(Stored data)
<<<<
lemma canopy_poly_root_real:
  assumes "K > 0" "poly (canopy_poly K b (Suc n)) z = 0"
  shows "z \<in> \<real>"
proof -
  have "(z - cnj z) * (\<Sum>i\<le>n. of_nat K ^ (n - i) * poly (canopy_poly K b i) z * cnj (poly (canopy_poly K b i) z)) = 0"
    using canopy_poly_christoffel_darboux[where w="cnj z"] assms(2) by (simp add: poly_canopy_poly_cnj)
  then have "z = cnj z"
    using canopy_poly_weighted_norm_nonzero[OF assms(1)] by simp
  then show ?thesis
    by (simp add: Reals_cnj_iff)
qed

lemma rsquarefree_canopy_poly:
  assumes "K > 0"
  shows "rsquarefree (canopy_poly K b (Suc n))"
  unfolding rsquarefree_roots
proof (intro allI notI)
  fix a
  assume a: "poly (canopy_poly K b (Suc n)) a = 0 \<and> poly (pderiv (canopy_poly K b (Suc n))) a = 0"
  then have "cnj a = a"
    using canopy_poly_root_real[OF assms] Reals_cnj_iff by blast
  then have real: "cnj (poly (canopy_poly K b i) a) = poly (canopy_poly K b i) a" for i
    by (metis poly_canopy_poly_cnj)
  have "poly (pderiv (canopy_poly K b (Suc n)) * canopy_poly K b n
        - canopy_poly K b (Suc n) * pderiv (canopy_poly K b n)) a = 0"
    using a by simp
  then have "(\<Sum>i\<le>n. of_nat K ^ (n - i) * poly (canopy_poly K b i) a * cnj (poly (canopy_poly K b i) a)) = 0"
    unfolding canopy_poly_christoffel_darboux_pderiv poly_sum by (simp add: real mult.assoc)
  then show False
    using canopy_poly_weighted_norm_nonzero[OF assms] by simp
qed

lemma card_canopy_poly_roots:
  assumes "K > 0"
  shows "card {z. poly (canopy_poly K b n) z = 0} = n"
proof (cases n)
  case 0
  then show ?thesis by simp
next
  case (Suc n')
  let ?p = "canopy_poly K b n"
  have decompose: "(\<Prod>z | poly ?p z = 0. [:-z, 1:]) = ?p"
    using complex_poly_decompose_rsquarefree[OF rsquarefree_canopy_poly[OF assms]] Suc
    by (simp add: coeff_canopy_poly)
  have "n = degree (\<Prod>z | poly ?p z = 0. [:-z, 1:])"
    by (simp only: decompose degree_canopy_poly)
  also have "\<dots> = (\<Sum>z | poly ?p z = 0. degree [:-z, 1:])"
    by (rule degree_prod_sum_eq) simp
  finally show ?thesis
    by simp
qed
>>>>
» **EXERCISE GOAL**
Please repeat each line from the one with "using canopy_poly_weighted_norm_nonzero[OF assms(1)]" through the last line of the data above, and add nothing.

» **ANSWER FOR THIS EXERCISE**
    using canopy_poly_weighted_norm_nonzero[OF assms(1)] by simp
  then show ?thesis
    by (simp add: Reals_cnj_iff)
qed

lemma rsquarefree_canopy_poly:
  assumes "K > 0"
  shows "rsquarefree (canopy_poly K b (Suc n))"
  unfolding rsquarefree_roots
proof (intro allI notI)
  fix a
  assume a: "poly (canopy_poly K b (Suc n)) a = 0 \<and> poly (pderiv (canopy_poly K b (Suc n))) a = 0"
  then have "cnj a = a"
    using canopy_poly_root_real[OF assms] Reals_cnj_iff by blast
  then have real: "cnj (poly (canopy_poly K b i) a) = poly (canopy_poly K b i) a" for i
    by (metis poly_canopy_poly_cnj)
  have "poly (pderiv (canopy_poly K b (Suc n)) * canopy_poly K b n
        - canopy_poly K b (Suc n) * pderiv (canopy_poly K b n)) a = 0"
    using a by simp
  then have "(\<Sum>i\<le>n. of_nat K ^ (n - i) * poly (canopy_poly K b i) a * cnj (poly (canopy_poly K b i) a)) = 0"
    unfolding canopy_poly_christoffel_darboux_pderiv poly_sum by (simp add: real mult.assoc)
  then show False
    using canopy_poly_weighted_norm_nonzero[OF assms] by simp
qed

lemma card_canopy_poly_roots:
  assumes "K > 0"
  shows "card {z. poly (canopy_poly K b n) z = 0} = n"
proof (cases n)
  case 0
  then show ?thesis by simp
next
  case (Suc n')
  let ?p = "canopy_poly K b n"
  have decompose: "(\<Prod>z | poly ?p z = 0. [:-z, 1:]) = ?p"
    using complex_poly_decompose_rsquarefree[OF rsquarefree_canopy_poly[OF assms]] Suc
    by (simp add: coeff_canopy_poly)
  have "n = degree (\<Prod>z | poly ?p z = 0. [:-z, 1:])"
    by (simp only: decompose degree_canopy_poly)
  also have "\<dots> = (\<Sum>z | poly ?p z = 0. degree [:-z, 1:])"
    by (rule degree_prod_sum_eq) simp
  finally show ?thesis
    by simp
qed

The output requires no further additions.